The spot price of gold rose to as high as $1,797.24. Moves in spot gold are integral to fund managers, who sometimes rely more on it than futures for direction.
Gold wallowed at the start of the year in a selloff that took it to a 11-month low of $1,673.30 on Comex by early March.
But it seems to have caught an uptrend now, reinforced by renewed concerns over inflation and geopolitical risks.
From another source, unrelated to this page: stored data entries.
(* Under the standing assumptions of the context, for any real $a<b$, $\|\widehat{\varphi_l}-\widehat{\varphi^M}\|_{C[a,b]}=O(\mu(l))$ as $l\to\infty$, where $\|\cdot\|_{C[a,b]}$ is the sup norm on $[a,b]$.
   Context: Fourier transform: $\widehat f(\omega)=\int_{\mathbb{R}}f(t)e^{-it\omega}\,dt$. Let $\theta$ be odd, non-decreasing, $C^2$, with $\theta(\omega)=\pi/4$ for $\omega>\pi/3$; fix $\pi/3\le\omega_0<\pi/2$. Meyer scaling function: $\widehat{\varphi^M}(\omega)=1$ for $|\omega|\le2\omega_0$, $=\cos(\frac\pi4+\theta(\frac{\pi}{3(\pi-2\omega_0)}(|\omega|-\pi)))$ for $2\omega_0<|\omega|\le2\pi-2\omega_0$, $=0$ otherwise. Meyer mask: $2\pi$-periodic $m^M$ with $m^M(\omega)=\widehat{\varphi^M}(2\omega)$ on $[-\pi,\pi]$. $\|\cdot\|_C$: sup norm on $[-\pi,\pi]$. A linear method of summation $(\lambda_{n,k})$ maps $f$ with Fourier coefficients $a_k,b_k$ to $u_n(f,\omega)=\frac{a_0}2+\sum_{k=1}^n\lambda_{n,k}(a_k\cos k\omega+b_k\sin k\omega)$. $m^M_l:=m^M/(\cos\frac\omega2)^{2l}$. Standing assumptions: a method and a sequence $n(l)$ are fixed with $u_l:=u_{n(l)}(m^M_l,\cdot)$, $u_{1,l}:=u_{n(l)}((m^M_l)',\cdot)$ satisfying $\alpha(l):=\|u_l-m^M_l\|_C=o(l^{-1})$, $\gamma(l):=\|u_{1,l}-(m^M_l)'\|_C=o(1)$, $u_l(\pi)\ne0$; $l_0$ is fixed with $\inf_{l\ge l_0}|u_l(0)|>0$ and $l\ge l_0$. $\mu(l):=l\alpha(l)+\gamma(l)$. $m_l(\omega):=(\cos\frac\omega2)^{2l}u_l(\omega)/u_l(0)$, $\widehat{\varphi_l}(\omega):=\prod_{j\ge1}m_l(\omega2^{-j})$. *)

theory Defs
  imports "HOL-Analysis.Analysis" "HOL-Library.Landau_Symbols"
begin

definition C2_fun :: "(real \<Rightarrow> real) \<Rightarrow> bool" where
  "C2_fun f \<longleftrightarrow> (\<exists>f1 f2. (\<forall>x. (f has_real_derivative f1 x) (at x)) \<and>
                            (\<forall>x. (f1 has_real_derivative f2 x) (at x)) \<and>
                            continuous_on UNIV f2)"

definition meyer_phi_hat :: "(real \<Rightarrow> real) \<Rightarrow> real \<Rightarrow> real \<Rightarrow> real" where
  "meyer_phi_hat \<theta> \<omega>0 \<omega> =
     (if \<bar>\<omega>\<bar> \<le> 2 * \<omega>0 then 1
      else if \<bar>\<omega>\<bar> \<le> 2 * pi - 2 * \<omega>0
        then cos (pi / 4 + \<theta> (pi / (3 * (pi - 2 * \<omega>0)) * (\<bar>\<omega>\<bar> - pi)))
      else 0)"

definition red2pi :: "real \<Rightarrow> real" where
  "red2pi \<omega> = \<omega> - 2 * pi * of_int \<lfloor>(\<omega> + pi) / (2 * pi)\<rfloor>"

definition meyer_mask :: "(real \<Rightarrow> real) \<Rightarrow> real \<Rightarrow> real \<Rightarrow> real" where
  "meyer_mask \<theta> \<omega>0 \<omega> = meyer_phi_hat \<theta> \<omega>0 (2 * red2pi \<omega>)"

(* m^M_l = m^M / (cos(\<omega>/2))^(2l); at the zeros of the cosine m^M vanishes
   in a neighbourhood, so the value 0 (x/0 = 0) is the continuous extension *)
definition meyer_mask_l :: "(real \<Rightarrow> real) \<Rightarrow> real \<Rightarrow> nat \<Rightarrow> real \<Rightarrow> real" where
  "meyer_mask_l \<theta> \<omega>0 l \<omega> = meyer_mask \<theta> \<omega>0 \<omega> / (cos (\<omega> / 2)) ^ (2 * l)"

definition fourier_a :: "(real \<Rightarrow> real) \<Rightarrow> nat \<Rightarrow> real" where
  "fourier_a f k = integral {-pi..pi} (\<lambda>t. f t * cos (real k * t)) / pi"

definition fourier_b :: "(real \<Rightarrow> real) \<Rightarrow> nat \<Rightarrow> real" where
  "fourier_b f k = integral {-pi..pi} (\<lambda>t. f t * sin (real k * t)) / pi"

definition sum_method :: "(nat \<Rightarrow> nat \<Rightarrow> real) \<Rightarrow> nat \<Rightarrow> (real \<Rightarrow> real) \<Rightarrow> real \<Rightarrow> real" where
  "sum_method lam n f \<omega> = fourier_a f 0 / 2 +
     (\<Sum>k=1..n. lam n k * (fourier_a f k * cos (real k * \<omega>) + fourier_b f k * sin (real k * \<omega>)))"

definition sup_norm_on :: "real set \<Rightarrow> (real \<Rightarrow> real) \<Rightarrow> real" where
  "sup_norm_on S f = Sup ((\<lambda>\<omega>. \<bar>f \<omega>\<bar>) ` S)"

definition u_l :: "(real \<Rightarrow> real) \<Rightarrow> real \<Rightarrow> (nat \<Rightarrow> nat \<Rightarrow> real) \<Rightarrow> (nat \<Rightarrow> nat) \<Rightarrow> nat \<Rightarrow> real \<Rightarrow> real" where
  "u_l \<theta> \<omega>0 lam nl l = sum_method lam (nl l) (meyer_mask_l \<theta> \<omega>0 l)"

definition u1_l :: "(real \<Rightarrow> real) \<Rightarrow> real \<Rightarrow> (nat \<Rightarrow> nat \<Rightarrow> real) \<Rightarrow> (nat \<Rightarrow> nat) \<Rightarrow> nat \<Rightarrow> real \<Rightarrow> real" where
  "u1_l \<theta> \<omega>0 lam nl l = sum_method lam (nl l) (deriv (meyer_mask_l \<theta> \<omega>0 l))"

definition alpha_l :: "(real \<Rightarrow> real) \<Rightarrow> real \<Rightarrow> (nat \<Rightarrow> nat \<Rightarrow> real) \<Rightarrow> (nat \<Rightarrow> nat) \<Rightarrow> nat \<Rightarrow> real" where
  "alpha_l \<theta> \<omega>0 lam nl l =
     sup_norm_on {-pi..pi} (\<lambda>\<omega>. u_l \<theta> \<omega>0 lam nl l \<omega> - meyer_mask_l \<theta> \<omega>0 l \<omega>)"

definition gamma_l :: "(real \<Rightarrow> real) \<Rightarrow> real \<Rightarrow> (nat \<Rightarrow> nat \<Rightarrow> real) \<Rightarrow> (nat \<Rightarrow> nat) \<Rightarrow> nat \<Rightarrow> real" where
  "gamma_l \<theta> \<omega>0 lam nl l =
     sup_norm_on {-pi..pi} (\<lambda>\<omega>. u1_l \<theta> \<omega>0 lam nl l \<omega> - deriv (meyer_mask_l \<theta> \<omega>0 l) \<omega>)"

definition mu_l :: "(real \<Rightarrow> real) \<Rightarrow> real \<Rightarrow> (nat \<Rightarrow> nat \<Rightarrow> real) \<Rightarrow> (nat \<Rightarrow> nat) \<Rightarrow> nat \<Rightarrow> real" where
  "mu_l \<theta> \<omega>0 lam nl l = real l * alpha_l \<theta> \<omega>0 lam nl l + gamma_l \<theta> \<omega>0 lam nl l"

definition mask_m :: "(real \<Rightarrow> real) \<Rightarrow> real \<Rightarrow> (nat \<Rightarrow> nat \<Rightarrow> real) \<Rightarrow> (nat \<Rightarrow> nat) \<Rightarrow> nat \<Rightarrow> real \<Rightarrow> real" where
  "mask_m \<theta> \<omega>0 lam nl l \<omega> =
     (cos (\<omega> / 2)) ^ (2 * l) * u_l \<theta> \<omega>0 lam nl l \<omega> / u_l \<theta> \<omega>0 lam nl l 0"

definition phi_hat_l :: "(real \<Rightarrow> real) \<Rightarrow> real \<Rightarrow> (nat \<Rightarrow> nat \<Rightarrow> real) \<Rightarrow> (nat \<Rightarrow> nat) \<Rightarrow> nat \<Rightarrow> real \<Rightarrow> real" where
  "phi_hat_l \<theta> \<omega>0 lam nl l \<omega> =
     (\<Prod>j. mask_m \<theta> \<omega>0 lam nl l (\<omega> / 2 ^ (Suc j)))"

end

theory Submission
  imports Defs
begin

text \<open>
  The Meyer window satisfies the refinement equation \<open>\<phi>\<^sup>M(2\<omega>) = m\<^sup>M(\<omega>) \<phi>\<^sup>M(\<omega>)\<close>, so on \<open>[a,b]\<close>
  it equals the finite product \<open>\<Prod>j<J. m\<^sup>M(\<omega>/2\<^sup>j\<^sup>+\<^sup>1)\<close> as soon as \<open>2\<^sup>J \<ge> max |a| |b|\<close>,
  while \<open>\<phi>\<^sub>l\<close> is the infinite product of the factors \<open>m\<^sub>l(\<omega>/2\<^sup>j\<^sup>+\<^sup>1)\<close>. Since
  \<open>m\<^sup>M = cos\<^sup>2\<^sup>l(\<omega>/2) m\<^sup>M\<^sub>l\<close>, every factor satisfies \<open>|m\<^sub>l - m\<^sup>M| \<le> 2\<alpha>(l)/|u\<^sub>l(0)|\<close>. Near the
  origin \<open>m\<^sup>M = 1\<close>, so the derivative of \<open>cos\<^sup>2\<^sup>l(\<omega>/2) m\<^sup>M\<^sub>l\<close> vanishes there and the mean value
  theorem gives \<open>|m\<^sub>l(\<omega>) - 1| \<le> \<mu>(l) |\<omega>| / |u\<^sub>l(0)|\<close>. The first \<open>J\<close> factors therefore
  contribute \<open>O(\<alpha>)\<close>, the tail a geometric series of size \<open>O(\<mu>)\<close>, and
  \<open>|\<Prod>p - \<Prod>q| \<le> exp(\<Sum>|p - q|) - 1\<close> (for \<open>|q| \<le> 1\<close>) turns this into \<open>O(\<mu>(l))\<close>.
\<close>

section \<open>Products of factors close to one\<close>

lemma abs_prod_diff_le:
  fixes p q e :: "nat \<Rightarrow> real"
  assumes q: "\<And>j. \<bar>q j\<bar> \<le> 1" and pq: "\<And>j. \<bar>p j - q j\<bar> \<le> e j"
  shows "\<bar>(\<Prod>j<N. p j) - (\<Prod>j<N. q j)\<bar> \<le> (\<Prod>j<N. 1 + e j) - 1"
proof (induction N)
  case 0
  then show ?case by simp
next
  case (Suc N)
  have e_nonneg: "0 \<le> e j" for j
    using pq[of j] by linarith
  have prod_ge_1: "1 \<le> (\<Prod>j<N. 1 + e j)"
    by (rule prod_ge_1) (simp add: e_nonneg)
  have abs_prod_p: "\<bar>\<Prod>j<N. p j\<bar> \<le> (\<Prod>j<N. 1 + e j)"
    unfolding abs_prod using q pq by (intro prod_mono) (smt (verit))
  have "\<bar>(\<Prod>j<Suc N. p j) - (\<Prod>j<Suc N. q j)\<bar>
      = \<bar>(\<Prod>j<N. p j) * (p N - q N) + ((\<Prod>j<N. p j) - (\<Prod>j<N. q j)) * q N\<bar>"
    by (simp add: algebra_simps)
  also have "\<dots> \<le> \<bar>\<Prod>j<N. p j\<bar> * \<bar>p N - q N\<bar> + \<bar>(\<Prod>j<N. p j) - (\<Prod>j<N. q j)\<bar> * \<bar>q N\<bar>"
    by (metis abs_mult abs_triangle_ineq)
  also have "\<dots> \<le> (\<Prod>j<N. 1 + e j) * e N + ((\<Prod>j<N. 1 + e j) - 1) * 1"
    using prod_ge_1 by (intro add_mono mult_mono abs_prod_p pq Suc q) auto
  also have "\<dots> = (\<Prod>j<Suc N. 1 + e j) - 1"
    by (simp add: algebra_simps)
  finally show ?case .
qed

lemma prod_one_plus_le_exp_sum:
  fixes e :: "nat \<Rightarrow> real"
  assumes "\<And>j. 0 \<le> e j"
  shows "(\<Prod>j<N. 1 + e j) \<le> exp (\<Sum>j<N. e j)"
  unfolding exp_sum[OF finite_lessThan]
  by (intro prod_mono) (use assms in \<open>auto simp: exp_ge_add_one_self add_nonneg_nonneg\<close>)

lemma exp_minus_one_le: "0 \<le> (s::real) \<Longrightarrow> exp s - 1 \<le> s * exp s"
proof -
  assume "0 \<le> s"
  have "(1 - s) * exp s \<le> exp (-s) * exp s"
    using exp_ge_add_one_self[of "-s"] by (intro mult_right_mono) auto
  then show ?thesis
    by (simp add: exp_minus field_simps)
qed

lemma abs_prodinf_diff_le:
  fixes p q e :: "nat \<Rightarrow> real"
  assumes q: "\<And>j. \<bar>q j\<bar> \<le> 1" and pq: "\<And>j. \<bar>p j - q j\<bar> \<le> e j"
    and q_tail: "\<And>j. J \<le> j \<Longrightarrow> q j = 1" and sum_e: "\<And>N. (\<Sum>j<N. e j) \<le> S"
  shows "\<bar>prodinf p - (\<Prod>j<J. q j)\<bar> \<le> exp S - 1"
proof -
  have e_nonneg: "0 \<le> e j" for j
    using pq[of j] by linarith
  have partial: "\<bar>(\<Prod>j<N. p j) - (\<Prod>j<J. q j)\<bar> \<le> exp S - 1" if "J \<le> N" for N
  proof -
    have "(\<Prod>j<N. q j) = (\<Prod>j<J. q j)"
      using that q_tail by (intro prod.mono_neutral_right) auto
    moreover have "\<bar>(\<Prod>j<N. p j) - (\<Prod>j<N. q j)\<bar> \<le> (\<Prod>j<N. 1 + e j) - 1"
      by (rule abs_prod_diff_le[OF q pq])
    moreover have "(\<Prod>j<N. 1 + e j) \<le> exp S"
      using prod_one_plus_le_exp_sum[where e = e and N = N, OF e_nonneg] sum_e[of N]
      by (meson exp_le_cancel_iff order_trans)
    ultimately show ?thesis by simp
  qed
  have "summable (\<lambda>j. norm (p j - 1))"
  proof (rule summable_comparison_test'[where N = J])
    show "summable e"
      using e_nonneg sum_e by (rule summableI_nonneg_bounded)
    show "norm (norm (p j - 1)) \<le> e j" if "J \<le> j" for j
      using pq[of j] q_tail[OF that] by simp
  qed
  then have "convergent_prod p"
    by (intro abs_convergent_prod_imp_convergent_prod) (simp add: abs_convergent_prod_conv_summable)
  then have "(\<lambda>N. \<Prod>j<N. p j) \<longlonglongrightarrow> prodinf p"
    using convergent_prod_LIMSEQ LIMSEQ_lessThan_iff_atMost by blast
  then have "(\<lambda>N. \<bar>(\<Prod>j<N. p j) - (\<Prod>j<J. q j)\<bar>) \<longlonglongrightarrow> \<bar>prodinf p - (\<Prod>j<J. q j)\<bar>"
    by (intro tendsto_intros)
  then show ?thesis
    using partial by (intro LIMSEQ_le_const2) auto
qed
Both those elements had virtually deserted gold after its futures hit record highs of $2,089 per ounce in early August, and they remained absent until early this month as optimism about reopenings from Covid-19 lockdowns took hold instead.
“Gold’s next barrier is the $1,800 level; once prices capture that level, momentum traders could ride this wave towards the $1850 level,” said Ed Moya, head of U.S. research at online broker OANDA.
Wednesday’s run-up came despite a a steady dollar and fairly resilient U.S. bond yields, which would typically be bearish for gold.
U.S. bond yields, measured by the 10-year Treasury note, hit a session high of 1.59%, versus Tuesday’s close of 1.56%. The 10-year note was at a 14-month high of 1.77% on March 30.
The Dollar Index, which pits the greenback against the euro and five other major currencies, was at 91.13, down 0.1% on the day.
Gold has returned to an upward trajectory as safe-haven flows return to the precious metal on concerns about new Covid flare-ups in major economies India and Japan and growing risks to the U.S. outlook, while Treasury yields appear anchored.
“Gold’s outlook is becoming very bullish as too many risks are percolating globally,” observed Moya. “The virus spread across Asia is weighing on sentiment.”
“Market positioning across equities and fixed income could lead to massive inflows for bullion. Even in the U.S., calls for caution are growing for U.S. equities as some analysts are eyeing a potential 10% pullback.”